Antonio Vivaldi : Kyrie en sol mineur RV 587 – Gloria en ré majeur, RV 589 – Sinfonia al Santo Sepolcro en ré mineur, RV 169 – Credo en mi mineur, RV 591 – Concerto Madrigalesco en ré mineur, RV 129 – Magnificat en sol mineur, RV 610a

Anna Reinhold (mezzo-soprano), Les Cris de Paris, Geoffroy Jourdain (direction)
Enregistré en public à l’abbaye d’Ambronay (27-28 septembre 2015) – 65’05
Ambronay AMY 047 (distribué par Harmonia mundi) – Notice (en français, anglais et allemand) de Geoffroy Jourdain et traduction des textes chantés


 Sélectionné par la rédaction





Antonio Vivaldi : Gloria en ré majeur, RV 589 – Laetatus sum, RV 607 – Magnificat en sol mineur, RV 610a – Lauda Jerusalem, RV 609
Le Concert Spirituel, Hervé Niquet (direction)
Enregistré en l’église Notre-Dame du Liban (juin 2015) – 50’31
Alpha 222 (distribué par Outhere)





Un des multiples paradoxes de la musique d’Antonio Vivaldi (1678-1741) est d’être de plus en plus connue et, dans le même temps, de susciter de plus en plus de questions... Ainsi, question pourtant a priori basique, comment interpréter sa musique religieuse?


Car, composée pour les fameux Ospedali vénitiens qu’étaient San Lazaro dei Mendicanti, Santa Maria della Pietà, l’Ospedale degl’Incurabili et l’Ospedale SS. Giovanni e Paolo dei Derelitti, institutions caritatives à destination des enfants déshérités, cette musique ne pouvait être interprétée que par des jeunes filles contrairement aux hospices napolitains, qui accueillaient en premier lieu des garçons. De fait, comment doit-on chanter des œuvres comportant des parties certes destinées à des sopranos et à des mezzos, mais également à des ténors et des basses? Sur ce point, les controverses opposent les meilleurs spécialistes et n’ont visiblement pas fini de susciter des recherches poussées de la part des musicologues. Pour H. C. Robbins Landon, il était tout à fait possible que, à l’occasion, des hommes (peut-être seulement des hommes d’église d’ailleurs) aient été invités à chanter aux côtés des jeunes orphelines (Vivaldi, Jean-Claude Lattès, p. 90). Pour Patrick Barbier, cette hypothèse «est fort peu probable», estimant plutôt que soit certaines parties étaient confiées à des jeunes femmes à la tessiture particulièrement grave (hypothèse confirmée par les écrits de Charles Burney, témoin de tout premier ordre), soit certaines parties destinées à des voix masculines étaient transposées à l’octave supérieur (La Venise de Vivaldi, Grasset, p. 113). Cette dernière hypothèse est également privilégiée par Sylvie Mamy (Vivaldi, Fayard, pp. 151 et 152).

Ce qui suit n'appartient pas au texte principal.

text \<open>A category given by its objects, arrows, domain/codomain, composition
  (Cp g f means g after f, defined when Cod f = Dom g) and identities.\<close>
record ('o, 'm) cat =
  Ob :: "'o set"
  Ar :: "'m set"
  Dom :: "'m \<Rightarrow> 'o"
  Cod :: "'m \<Rightarrow> 'o"
  Cp :: "'m \<Rightarrow> 'm \<Rightarrow> 'm"
  Id :: "'o \<Rightarrow> 'm"

definition hom :: "('o, 'm) cat \<Rightarrow> 'o \<Rightarrow> 'o \<Rightarrow> 'm set" where
  "hom A a b = {f \<in> Ar A. Dom A f = a \<and> Cod A f = b}"

definition category :: "('o, 'm) cat \<Rightarrow> bool" where
  "category A \<longleftrightarrow>
     (\<forall>f\<in>Ar A. Dom A f \<in> Ob A \<and> Cod A f \<in> Ob A) \<and>
     (\<forall>a\<in>Ob A. Id A a \<in> hom A a a) \<and>
     (\<forall>f\<in>Ar A. \<forall>g\<in>Ar A. Cod A f = Dom A g \<longrightarrow> Cp A g f \<in> hom A (Dom A f) (Cod A g)) \<and>
     (\<forall>f\<in>Ar A. Cp A f (Id A (Dom A f)) = f \<and> Cp A (Id A (Cod A f)) f = f) \<and>
     (\<forall>f\<in>Ar A. \<forall>g\<in>Ar A. \<forall>h\<in>Ar A. Cod A f = Dom A g \<and> Cod A g = Dom A h \<longrightarrow>
        Cp A h (Cp A g f) = Cp A (Cp A h g) f)"

definition mono :: "('o, 'm) cat \<Rightarrow> 'm \<Rightarrow> bool" where
  "mono A m \<longleftrightarrow> m \<in> Ar A \<and>
     (\<forall>x\<in>Ar A. \<forall>y\<in>Ar A. Cod A x = Dom A m \<and> Cod A y = Dom A m \<and> Dom A x = Dom A y \<and>
        Cp A m x = Cp A m y \<longrightarrow> x = y)"

definition epi :: "('o, 'm) cat \<Rightarrow> 'm \<Rightarrow> bool" where
  "epi A e \<longleftrightarrow> e \<in> Ar A \<and>
     (\<forall>x\<in>Ar A. \<forall>y\<in>Ar A. Dom A x = Cod A e \<and> Dom A y = Cod A e \<and> Cod A x = Cod A y \<and>
        Cp A x e = Cp A y e \<longrightarrow> x = y)"

definition zero_obj :: "('o, 'm) cat \<Rightarrow> 'o \<Rightarrow> bool" where
  "zero_obj A z \<longleftrightarrow> z \<in> Ob A \<and>
     (\<forall>a\<in>Ob A. (\<exists>!f. f \<in> hom A a z) \<and> (\<exists>!f. f \<in> hom A z a))"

Elle semble être également la plus plausible pour Geoffroy Jourdain et Hervé Niquet, qui dirigent tous deux un disque consacré à la musique religieuse de Vivaldi (avec comme morceaux de résistance le Gloria RV 589 et le Magnificat) en optant pour des chœurs exclusivement féminins. La confrontation était donc naturelle, voire attendue!


Sur le strict plan orchestral, Hervé Niquet est allé encore plus loin dans sa volonté de recherche «authentique» puisqu’il a exclu du Gloria les trompettes d’ouverture. Avouons qu’elles manquent et que la seule trompette requise par Geoffroy Jourdain contribue grandement à rendre tout son lustre à cette musique. Mis à part cette légère différence, les deux ensembles se valent même si les options choisies par Hervé Niquet nous semblent parfois un peu excessives – des fins de phrases souvent trop appuyées et manquant donc de naturel comme dans le «Gloria in excelsis Deo», ou l’étirement de certaines cordes dans le «Et in terra pax hominibus».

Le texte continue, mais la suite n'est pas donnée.